Task prompt:
Filter the entries for the string "Defs". Copy each line that has it.

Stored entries

(* Let $X=\mathbb{CP}^2\#n\overline{\mathbb{CP}}^2$, $k$ a positive integer, $U_5=\{A\in H_2(X;\mathbb{Z}):\mathrm{ind}(A)\ge2k,\ A\cdot H>0\}$ with the preorder $\ge$ below. Every minimal element $A=aH-\sum_{i=1}^nb_iE_i$ of $U_5$ is reduced and satisfies $3a-\sum_{i=1}^nb_i\ge1$.
   Context: $K_0=-3H+E_1+\cdots+E_n$, $\mathrm{ind}(A):=A^2-K_0\cdot A$. With $H^2(X;\mathbb{R})\cong\mathbb{R}^{n+1}$ via $(x_0,\dots,x_n)\leftrightarrow x_0PD(H)-\sum x_iPD(E_i)$, the reduced cone $\mathcal{P}$ is: $0<x_1<x_0$ ($n=1$); $0<x_2\le x_1$, $x_1+x_2<x_0$ ($n=2$); $0<x_n\le\cdots\le x_1$, $x_1+x_2+x_3\le x_0$, $\sum x_i^2<x_0^2$ ($n\ge3$); and $\mathcal{P}^{c_1>0}=\{[\omega]\in\mathcal{P}:\omega(3H-\sum E_i)>0\}$. For $A,B\in U_5$, $A\ge B$ means $\omega(A)\ge\omega(B)$ for all $[\omega]\in\mathcal{P}^{c_1>0}$; $A$ is minimal if there is no other $B\in U_5$, $B\ne A$, with $A\ge B$. A class $aH-\sum b_iE_i$ is reduced if $a>0$, $b_1\ge b_2\ge\cdots\ge b_n\ge0$ and $a\ge b_1+b_2+b_3$. *)

theory Defs
  imports Complex_Main
begin

text \<open>A class A = aH - sum_{i=1..n} b_i E_i in H_2(X;Z) is
  represented by the pair (a, b) with b :: nat => int, where b i = 0 for i outside {1..n}.
  A cohomology class [omega] <-> (x_0,...,x_n) is represented by x :: nat => real
  (only x 0, ..., x n are relevant).\<close>

definition is_class :: "nat \<Rightarrow> int \<times> (nat \<Rightarrow> int) \<Rightarrow> bool" where
  "is_class n A \<longleftrightarrow> (\<forall>i. i \<notin> {1..n} \<longrightarrow> snd A i = 0)"

text \<open>ind(A) = A.A - K_0.A with K_0 = -3H + E_1 + ... + E_n,
  H.H = 1, E_i.E_j = -delta_ij, H.E_i = 0.\<close>
definition self_int :: "nat \<Rightarrow> int \<times> (nat \<Rightarrow> int) \<Rightarrow> int" where
  "self_int n A = (fst A)^2 - (\<Sum>i=1..n. (snd A i)^2)"

definition K0_dot :: "nat \<Rightarrow> int \<times> (nat \<Rightarrow> int) \<Rightarrow> int" where
  "K0_dot n A = -3 * fst A + (\<Sum>i=1..n. snd A i)"

definition ind :: "nat \<Rightarrow> int \<times> (nat \<Rightarrow> int) \<Rightarrow> int" where
  "ind n A = self_int n A - K0_dot n A"

definition dot_H :: "int \<times> (nat \<Rightarrow> int) \<Rightarrow> int" where
  "dot_H A = fst A"

text \<open>omega(A) for [omega] = x_0 PD(H) - sum x_i PD(E_i) and A = aH - sum b_i E_i.\<close>
definition omega_eval :: "nat \<Rightarrow> (nat \<Rightarrow> real) \<Rightarrow> int \<times> (nat \<Rightarrow> int) \<Rightarrow> real" where
  "omega_eval n x A = real_of_int (fst A) * x 0 - (\<Sum>i=1..n. x i * real_of_int (snd A i))"

definition reduced_cone :: "nat \<Rightarrow> (nat \<Rightarrow> real) set" where
  "reduced_cone n =
    (if n = 1 then {x. 0 < x 1 \<and> x 1 < x 0}
     else if n = 2 then {x. 0 < x 2 \<and> x 2 \<le> x 1 \<and> x 1 + x 2 < x 0}
     else {x. 0 < x n \<and> (\<forall>i\<in>{1..<n}. x (Suc i) \<le> x i) \<and> x 1 + x 2 + x 3 \<le> x 0
              \<and> (\<Sum>i=1..n. (x i)^2) < (x 0)^2})"

text \<open>P^{c_1>0}: omega(3H - sum E_i) > 0.\<close>
definition cone_c1pos :: "nat \<Rightarrow> (nat \<Rightarrow> real) set" where
  "cone_c1pos n = {x \<in> reduced_cone n. 3 * x 0 - (\<Sum>i=1..n. x i) > 0}"

definition U5 :: "nat \<Rightarrow> nat \<Rightarrow> (int \<times> (nat \<Rightarrow> int)) set" where
  "U5 n k = {A. is_class n A \<and> ind n A \<ge> 2 * int k \<and> dot_H A > 0}"

definition geq_cls :: "nat \<Rightarrow> int \<times> (nat \<Rightarrow> int) \<Rightarrow> int \<times> (nat \<Rightarrow> int) \<Rightarrow> bool" where
  "geq_cls n A B \<longleftrightarrow> (\<forall>x\<in>cone_c1pos n. omega_eval n x A \<ge> omega_eval n x B)"

definition minimal_U5 :: "nat \<Rightarrow> nat \<Rightarrow> int \<times> (nat \<Rightarrow> int) \<Rightarrow> bool" where
  "minimal_U5 n k A \<longleftrightarrow> A \<in> U5 n k \<and> \<not> (\<exists>B\<in>U5 n k. B \<noteq> A \<and> geq_cls n A B)"

text \<open>Reduced: a > 0, b_1 >= ... >= b_n >= 0, a >= b_1 + b_2 + b_3
  (b_i = 0 for i > n by the representation convention).\<close>
definition reduced_cls :: "nat \<Rightarrow> int \<times> (nat \<Rightarrow> int) \<Rightarrow> bool" where
  "reduced_cls n A \<longleftrightarrow> fst A > 0 \<and> (\<forall>i\<in>{1..<n}. snd A (Suc i) \<le> snd A i)
     \<and> (\<forall>i\<in>{1..n}. snd A i \<ge> 0) \<and> fst A \<ge> snd A 1 + snd A 2 + snd A 3"

end

theory Submission
  imports Defs "HOL-Combinatorics.Permutations"
begin

text \<open>A minimal class \<open>A = aH - \<Sum> b_i E_i\<close> is fixed by every move \<open>A \<mapsto> B\<close> with
  \<open>B \<in> U_5\<close> and \<open>\<omega>(B) \<le> \<omega>(A)\<close> on the whole cone. As
  \<open>ind(A) = a^2 + 3a - \<Sum> b_i(b_i + 1)\<close>, each inequality in the conclusion is forced by
  such a move: the reflection \<open>b_i \<mapsto> -b_i - 1\<close> and the swap of \<open>b_i\<close> and \<open>b_(i+1)\<close>
  preserve the index, while subtracting \<open>H - E_1 - E_2 - E_3\<close>, respectively
  \<open>3H - \<Sum> E_i\<close>, does not lower it as long as \<open>a < b_1 + b_2 + b_3\<close>, respectively
  \<open>3a \<le> \<Sum> b_i\<close>. The subtracted class keeps \<open>a > 0\<close>, and so stays in \<open>U_5\<close>,
  because a class of positive index has \<open>a > 0\<close> or \<open>a < -3\<close>.\<close>

lemma reduced_cone_last_pos: "x \<in> reduced_cone n \<Longrightarrow> 0 < x n"
  by (auto simp: reduced_cone_def split: if_splits)

lemma reduced_cone_decreasing:
  assumes "x \<in> reduced_cone n" "i \<in> {1..<n}"
  shows "x (Suc i) \<le> x i"
proof (cases "n = 2")
  case True
  with assms show ?thesis by (auto simp: reduced_cone_def numeral_2_eq_2 le_Suc_eq)
qed (use assms in \<open>auto simp: reduced_cone_def\<close>)

lemma reduced_cone_pos:
  assumes x: "x \<in> reduced_cone n" and i: "i \<in> {1..n}"
  shows "0 < x i"
proof -
  from i have "1 \<le> i" "i \<le> n" by auto
  have "x n \<le> x i"
    using \<open>i \<le> n\<close>
  proof (induction i rule: inc_induct)
    case (step m)
    then show ?case
      using reduced_cone_decreasing[OF x, of m] \<open>1 \<le> i\<close> by fastforce
  qed simp
  then show ?thesis
    using reduced_cone_last_pos[OF x] by linarith
qed

lemma reduced_cone_first_three_le:
  assumes "x \<in> reduced_cone n"
  shows "(\<Sum>i=1..min n 3. x i) \<le> x 0"
proof -
  consider "n = 0" | "n = 1" | "n = 2" | "n \<ge> 3" by linarith
  then show ?thesis
  proof cases
    case 4
    then have "{1..min n 3} = {1, 2, 3}" by auto
    with 4 assms show ?thesis by (simp add: reduced_cone_def)
  qed (use assms in \<open>auto simp: reduced_cone_def numeral_2_eq_2\<close>)
qed

lemma ind_eq: "ind n (a, b) = a\<^sup>2 + 3 * a - (\<Sum>i=1..n. b i ^ 2 + b i)"
  by (simp add: ind_def self_int_def K0_dot_def sum.distrib)

lemma square_plus_self_nonneg: "0 \<le> (c::int)\<^sup>2 + c"
proof -
  have "0 \<le> c * (c + 1)"
    by (cases "0 \<le> c") (auto intro: mult_nonneg_nonneg mult_nonpos_nonpos)
  then show ?thesis by (simp add: power2_eq_square algebra_simps)
qed

lemma ind_pos_imp: "0 < ind n (a, b) \<Longrightarrow> 0 < a \<or> a < -3"
proof -
  assume "0 < ind n (a, b)"
  moreover have "0 \<le> (\<Sum>i=1..n. b i ^ 2 + b i)"
    by (intro sum_nonneg square_plus_self_nonneg)
  ultimately have "0 < a * (a + 3)"
    by (simp add: ind_eq power2_eq_square algebra_simps)
  then show ?thesis
    by (auto simp: zero_less_mult_iff)
qed

lemma sum_first_three_class:
  assumes "is_class n (a, b)"
  shows "(\<Sum>i=1..min n 3. b i) = b 1 + b 2 + b 3"
proof -
  have "(\<Sum>i=1..min n 3. b i) = (\<Sum>i\<in>{1, 2, 3}. b i)"
    using assms by (intro sum.mono_neutral_left) (auto simp: is_class_def)
  then show ?thesis by simp
qed

lemma geq_clsI:
  assumes "\<And>x. x \<in> cone_c1pos n \<Longrightarrow>
    (\<Sum>i=1..n. x i * of_int (b i - b' i)) \<le> of_int (a - a') * x 0"
  shows "geq_cls n (a, b) (a', b')"
proof -
  have "omega_eval n x (a, b) - omega_eval n x (a', b') =
      of_int (a - a') * x 0 - (\<Sum>i=1..n. x i * of_int (b i - b' i))" for x
    by (simp add: omega_eval_def right_diff_distrib sum_subtractf algebra_simps)
  with assms show ?thesis
    unfolding geq_cls_def by (smt (verit))
qed

lemma minimal_U5_eqI:
  assumes "minimal_U5 n k A" "is_class n B" "0 < fst B" "ind n A \<le> ind n B"
    and "geq_cls n A B"
  shows "B = A"
proof -
  have "A \<in> U5 n k" and no_below: "\<not> (\<exists>B\<in>U5 n k. B \<noteq> A \<and> geq_cls n A B)"
    using assms(1) by (auto simp: minimal_U5_def)
  then have "B \<in> U5 n k"
    using assms(2-4) by (auto simp: U5_def dot_H_def)
  with no_below assms(5) show ?thesis by blast
qed

lemma minimal_U5_class:
  assumes "minimal_U5 n k (a, b)"
  shows "is_class n (a, b)" "0 < a" "2 * int k \<le> ind n (a, b)"
  using assms by (auto simp: minimal_U5_def U5_def dot_H_def)

lemma minimal_U5_nonneg:
  assumes min: "minimal_U5 n k (a, b)" and i: "i \<in> {1..n}"
  shows "0 \<le> b i"
proof (rule ccontr)
  assume neg: "\<not> 0 \<le> b i"
  define b' where "b' = b(i := - b i - 1)"
  have "(\<Sum>j=1..n. b' j ^ 2 + b' j) = (\<Sum>j=1..n. b j ^ 2 + b j)"
    by (intro sum.cong) (auto simp: b'_def power2_eq_square algebra_simps)
  then have "ind n (a, b') = ind n (a, b)"
    by (simp add: ind_eq)
  moreover have "is_class n (a, b')"
    using minimal_U5_class(1)[OF min] i by (auto simp: is_class_def b'_def)
  moreover have "geq_cls n (a, b) (a, b')"
  proof (rule geq_clsI)
    fix x assume "x \<in> cone_c1pos n"
    then have "0 < x i"
      using reduced_cone_pos i by (auto simp: cone_c1pos_def)
    have "(\<Sum>j=1..n. x j * of_int (b j - b' j)) =
        (\<Sum>j=1..n. if j = i then x i * of_int (2 * b i + 1) else 0)"
      by (intro sum.cong) (auto simp: b'_def)
    also have "\<dots> = x i * of_int (2 * b i + 1)"
      using i by simp
    also have "\<dots> \<le> 0"
      using \<open>0 < x i\<close> neg by (intro mult_nonneg_nonpos) auto
    finally show "(\<Sum>j=1..n. x j * of_int (b j - b' j)) \<le> of_int (a - a) * x 0"
      by simp
  qed
  ultimately have "(a, b') = (a, b)"
    using minimal_U5_eqI[OF min, of "(a, b')"] minimal_U5_class(2)[OF min] by simp
  then have "b' i = b i" by simp
  with neg show False by (simp add: b'_def)
qed

lemma minimal_U5_decreasing:
  assumes min: "minimal_U5 n k (a, b)" and i: "i \<in> {1..<n}"
  shows "b (Suc i) \<le> b i"
proof (rule ccontr)
  assume inc: "\<not> b (Suc i) \<le> b i"
  define b' where "b' = b \<circ> Transposition.transpose i (Suc i)"
  have "Transposition.transpose i (Suc i) permutes {1..n}"
    using i by (intro permutes_swap_id) auto
  then have "(\<Sum>j=1..n. b' j ^ 2 + b' j) = (\<Sum>j=1..n. b j ^ 2 + b j)"
    using sum.permute[where g = "\<lambda>j. b j ^ 2 + b j"] by (simp add: b'_def comp_def)
  then have "ind n (a, b') = ind n (a, b)"
    by (simp add: ind_eq)
  moreover have "is_class n (a, b')"
    using minimal_U5_class(1)[OF min] i by (auto simp: is_class_def b'_def transpose_def)
  moreover have "geq_cls n (a, b) (a, b')"
  proof (rule geq_clsI)
    fix x assume "x \<in> cone_c1pos n"
    then have "x (Suc i) \<le> x i"
      using reduced_cone_decreasing i by (auto simp: cone_c1pos_def)
    have "(\<Sum>j=1..n. x j * of_int (b j - b' j)) = (\<Sum>j\<in>{i, Suc i}. x j * of_int (b j - b' j))"
      using i by (intro sum.mono_neutral_right) (auto simp: b'_def transpose_def)
    also have "\<dots> = (x i - x (Suc i)) * of_int (b i - b (Suc i))"
      by (simp add: b'_def algebra_simps)
    also have "\<dots> \<le> 0"
      using \<open>x (Suc i) \<le> x i\<close> inc by (intro mult_nonneg_nonpos) auto
    finally show "(\<Sum>j=1..n. x j * of_int (b j - b' j)) \<le> of_int (a - a) * x 0"
      by simp
  qed
  ultimately have "(a, b') = (a, b)"
    using minimal_U5_eqI[OF min, of "(a, b')"] minimal_U5_class(2)[OF min] by simp
  then have "b' i = b i" by simp
  with inc show False by (simp add: b'_def)
qed

text \<open>Subtracting \<open>dH - \<Sum>_(j\<in>J) E_j\<close> raises the index by
  \<open>2 \<Sum>_(j\<in>J) b_j - (2da - d^2 + 3d)\<close>.\<close>

lemma minimal_U5_blowdown_bound:
  fixes d :: int
  assumes min: "minimal_U5 n k (a, b)" and "1 \<le> k"
    and J: "J \<subseteq> {1..n}" and d: "0 < d" "d \<le> 3"
    and area: "\<And>x. x \<in> cone_c1pos n \<Longrightarrow> (\<Sum>j\<in>J. x j) \<le> of_int d * x 0"
  shows "2 * (\<Sum>j\<in>J. b j) < 2 * d * a - d\<^sup>2 + 3 * d"
proof (rule ccontr)
  assume big: "\<not> ?thesis"
  define b' where "b' = (\<lambda>j. if j \<in> J then b j - 1 else b j)"
  have "(\<Sum>j=1..n. b j ^ 2 + b j) - (\<Sum>j=1..n. b' j ^ 2 + b' j) =
      (\<Sum>j=1..n. if j \<in> J then 2 * b j else 0)"
    unfolding sum_subtractf[symmetric]
    by (intro sum.cong) (auto simp: b'_def power2_eq_square algebra_simps)
  also have "\<dots> = 2 * (\<Sum>j\<in>J. b j)"
    using J by (simp add: sum.inter_restrict[symmetric] Int_absorb1 sum_distrib_left)
  finally have "ind n (a, b) \<le> ind n (a - d, b')"
    using big by (simp add: ind_eq power2_eq_square algebra_simps)
  moreover have "0 < ind n (a, b)"
    using minimal_U5_class(3)[OF min] \<open>1 \<le> k\<close> by linarith
  ultimately have "0 < a - d"
    using ind_pos_imp[of n "a - d" b'] minimal_U5_class(2)[OF min] d by linarith
  moreover have "is_class n (a - d, b')"
    using minimal_U5_class(1)[OF min] J by (auto simp: is_class_def b'_def)
  moreover have "geq_cls n (a, b) (a - d, b')"
  proof (rule geq_clsI)
    fix x assume "x \<in> cone_c1pos n"
    have "(\<Sum>j=1..n. x j * of_int (b j - b' j)) = (\<Sum>j=1..n. if j \<in> J then x j else 0)"
      by (intro sum.cong) (auto simp: b'_def)
    also have "\<dots> = (\<Sum>j\<in>J. x j)"
      using J by (simp add: sum.inter_restrict[symmetric] Int_absorb1)
    finally show "(\<Sum>j=1..n. x j * of_int (b j - b' j)) \<le> of_int (a - (a - d)) * x 0"
      using area[OF \<open>x \<in> cone_c1pos n\<close>] by simp
  qed
  ultimately have "(a - d, b') = (a, b)"
    using minimal_U5_eqI[OF min, of "(a - d, b')"] \<open>ind n (a, b) \<le> ind n (a - d, b')\<close>
    by simp
  with d show False by simp
qed

lemma minimal_U5_first_three_le:
  assumes "minimal_U5 n k (a, b)" "1 \<le> k"
  shows "b 1 + b 2 + b 3 \<le> a"
proof -
  have "2 * (\<Sum>j=1..min n 3. b j) < 2 * 1 * a - 1\<^sup>2 + 3 * 1"
    using assms reduced_cone_first_three_le
    by (intro minimal_U5_blowdown_bound) (auto simp: cone_c1pos_def)
  then show ?thesis
    using sum_first_three_class[OF minimal_U5_class(1)[OF assms(1)]] by simp
qed

lemma minimal_U5_c1_pos:
  assumes "minimal_U5 n k (a, b)" "1 \<le> k"
  shows "1 \<le> 3 * a - (\<Sum>i=1..n. b i)"
proof -
  have "2 * (\<Sum>j=1..n. b j) < 2 * 3 * a - 3\<^sup>2 + 3 * 3"
    using assms by (intro minimal_U5_blowdown_bound) (auto simp: cone_c1pos_def)
  then show ?thesis by simp
qed

theorem lemma4p4:
  fixes n k :: nat and a :: int and b :: "nat \<Rightarrow> int"
  assumes "n \<ge> 1" and "k \<ge> 1"
    and "minimal_U5 n k (a, b)"
  shows "reduced_cls n (a, b) \<and> 3 * a - (\<Sum>i=1..n. b i) \<ge> 1"
  using minimal_U5_class(2) minimal_U5_decreasing minimal_U5_nonneg
    minimal_U5_first_three_le minimal_U5_c1_pos assms(2,3)
  by (simp add: reduced_cls_def)

end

Solution:
theory Defs
  imports Defs "HOL-Combinatorics.Permutations"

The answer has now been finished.